**Material for this task**
---
(* Consider the cascade model with $N=2$ processors, rates $\lambda_1,\lambda_2>0$ and $\beta_{12}>0$, started from a fixed initial state, and its embedded chain $Y(n)=x_2(\tau_n)-x_1(\tau_n)$. If $\lambda_1<\lambda_2$, then the Markov chain $Y(n)$ is ergodic and $x_1(t)/t\to\lambda_1$ and $x_2(t)/t\to\lambda_1$ in probability as $t\to\infty$. If $\lambda_1>\lambda_2$, then the Markov chain $Y(n)$ is transient and $x_1(t)/t\to\lambda_1$, $x_2(t)/t\to\lambda_2$ in probability as $t\to\infty$.
   Context: Cascade model with $N=2$: processes $x_1(t),x_2(t)\in\mathbb Z$; independent Poisson flows $\Pi^1,\Pi^2,\Pi^{12}$ of intensities $\lambda_1,\lambda_2,\beta_{12}$. At points of $\Pi^k$, $x_k$ increases by $1$; at points $\sigma$ of $\Pi^{12}$, processor $1$ sends a message with value $x_1(\sigma)$ to processor $2$, and if $x_2(\sigma)>x_1(\sigma)$ then $x_2$ is reset to $x_1(\sigma)$. Let $0=\tau_0<\tau_1<\dots$ be the successive points of the union of all three flows. With $Z=\lambda_1+\lambda_2+\beta_{12}$, the embedded chain $Y(n)$ on $\mathbb Z$ has transition probabilities $p_{i,i+1}=\lambda_2/Z$, $p_{i,i-1}=\lambda_1/Z$, $p_{i,0}=\beta_{12}/Z$ for $i>0$, $p_{i,i}=\beta_{12}/Z$ for $i\le 0$ (so $p_{0,0}=\beta_{12}/Z$), and all other transitions have probability $0$. *)

theory Defs
  imports "HOL-Probability.Probability"
begin

fun traj :: "('s \<Rightarrow> 's pmf) \<Rightarrow> nat \<Rightarrow> 's \<Rightarrow> 's list pmf" where
  "traj K 0 i = return_pmf [i]"
| "traj K (Suc n) i = bind_pmf (K i) (\<lambda>j. map_pmf (\<lambda>xs. i # xs) (traj K n j))"

definition pstep :: "('s \<Rightarrow> 's pmf) \<Rightarrow> nat \<Rightarrow> 's \<Rightarrow> 's \<Rightarrow> real" where
  "pstep K n i j = measure_pmf.prob (traj K n i) {xs. last xs = j}"

definition return_by :: "('s \<Rightarrow> 's pmf) \<Rightarrow> nat \<Rightarrow> 's \<Rightarrow> real" where
  "return_by K n i = measure_pmf.prob (traj K n i) {xs. \<exists>k\<in>{1..n}. xs ! k = i}"

definition return_prob :: "('s \<Rightarrow> 's pmf) \<Rightarrow> 's \<Rightarrow> real" where
  "return_prob K i = (SUP n. return_by K n i)"

definition recurrent_state :: "('s \<Rightarrow> 's pmf) \<Rightarrow> 's \<Rightarrow> bool" where
  "recurrent_state K i \<longleftrightarrow> return_prob K i = 1"

definition transient_state :: "('s \<Rightarrow> 's pmf) \<Rightarrow> 's \<Rightarrow> bool" where
  "transient_state K i \<longleftrightarrow> return_prob K i < 1"

text \<open>Positive recurrence: recurrent with finite mean return time
  E[T_i] = sum over n of P(T_i > n) = sum over n of (1 - P(T_i \<le> n)).\<close>
definition positive_recurrent_state :: "('s \<Rightarrow> 's pmf) \<Rightarrow> 's \<Rightarrow> bool" where
  "positive_recurrent_state K i \<longleftrightarrow>
     recurrent_state K i \<and> summable (\<lambda>n. 1 - return_by K n i)"

definition irreducible_chain :: "('s \<Rightarrow> 's pmf) \<Rightarrow> bool" where
  "irreducible_chain K \<longleftrightarrow> (\<forall>i j. \<exists>n. pstep K n i j > 0)"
---
**Exercise aim**
Print every entry exactly as it appears.

**Answer to the exercise**
(* Consider the cascade model with $N=2$ processors, rates $\lambda_1,\lambda_2>0$ and $\beta_{12}>0$, started from a fixed initial state, and its embedded chain $Y(n)=x_2(\tau_n)-x_1(\tau_n)$. If $\lambda_1<\lambda_2$, then the Markov chain $Y(n)$ is ergodic and $x_1(t)/t\to\lambda_1$ and $x_2(t)/t\to\lambda_1$ in probability as $t\to\infty$. If $\lambda_1>\lambda_2$, then the Markov chain $Y(n)$ is transient and $x_1(t)/t\to\lambda_1$, $x_2(t)/t\to\lambda_2$ in probability as $t\to\infty$.
   Context: Cascade model with $N=2$: processes $x_1(t),x_2(t)\in\mathbb Z$; independent Poisson flows $\Pi^1,\Pi^2,\Pi^{12}$ of intensities $\lambda_1,\lambda_2,\beta_{12}$. At points of $\Pi^k$, $x_k$ increases by $1$; at points $\sigma$ of $\Pi^{12}$, processor $1$ sends a message with value $x_1(\sigma)$ to processor $2$, and if $x_2(\sigma)>x_1(\sigma)$ then $x_2$ is reset to $x_1(\sigma)$. Let $0=\tau_0<\tau_1<\dots$ be the successive points of the union of all three flows. With $Z=\lambda_1+\lambda_2+\beta_{12}$, the embedded chain $Y(n)$ on $\mathbb Z$ has transition probabilities $p_{i,i+1}=\lambda_2/Z$, $p_{i,i-1}=\lambda_1/Z$, $p_{i,0}=\beta_{12}/Z$ for $i>0$, $p_{i,i}=\beta_{12}/Z$ for $i\le 0$ (so $p_{0,0}=\beta_{12}/Z$), and all other transitions have probability $0$. *)

theory Defs
  imports "HOL-Probability.Probability"
begin

fun traj :: "('s \<Rightarrow> 's pmf) \<Rightarrow> nat \<Rightarrow> 's \<Rightarrow> 's list pmf" where
  "traj K 0 i = return_pmf [i]"
| "traj K (Suc n) i = bind_pmf (K i) (\<lambda>j. map_pmf (\<lambda>xs. i # xs) (traj K n j))"

definition pstep :: "('s \<Rightarrow> 's pmf) \<Rightarrow> nat \<Rightarrow> 's \<Rightarrow> 's \<Rightarrow> real" where
  "pstep K n i j = measure_pmf.prob (traj K n i) {xs. last xs = j}"

definition return_by :: "('s \<Rightarrow> 's pmf) \<Rightarrow> nat \<Rightarrow> 's \<Rightarrow> real" where
  "return_by K n i = measure_pmf.prob (traj K n i) {xs. \<exists>k\<in>{1..n}. xs ! k = i}"

definition return_prob :: "('s \<Rightarrow> 's pmf) \<Rightarrow> 's \<Rightarrow> real" where
  "return_prob K i = (SUP n. return_by K n i)"

definition recurrent_state :: "('s \<Rightarrow> 's pmf) \<Rightarrow> 's \<Rightarrow> bool" where
  "recurrent_state K i \<longleftrightarrow> return_prob K i = 1"

definition transient_state :: "('s \<Rightarrow> 's pmf) \<Rightarrow> 's \<Rightarrow> bool" where
  "transient_state K i \<longleftrightarrow> return_prob K i < 1"

text \<open>Positive recurrence: recurrent with finite mean return time
  E[T_i] = sum over n of P(T_i > n) = sum over n of (1 - P(T_i \<le> n)).\<close>
definition positive_recurrent_state :: "('s \<Rightarrow> 's pmf) \<Rightarrow> 's \<Rightarrow> bool" where
  "positive_recurrent_state K i \<longleftrightarrow>
     recurrent_state K i \<and> summable (\<lambda>n. 1 - return_by K n i)"

definition irreducible_chain :: "('s \<Rightarrow> 's pmf) \<Rightarrow> bool" where
  "irreducible_chain K \<longleftrightarrow> (\<forall>i j. \<exists>n. pstep K n i j > 0)"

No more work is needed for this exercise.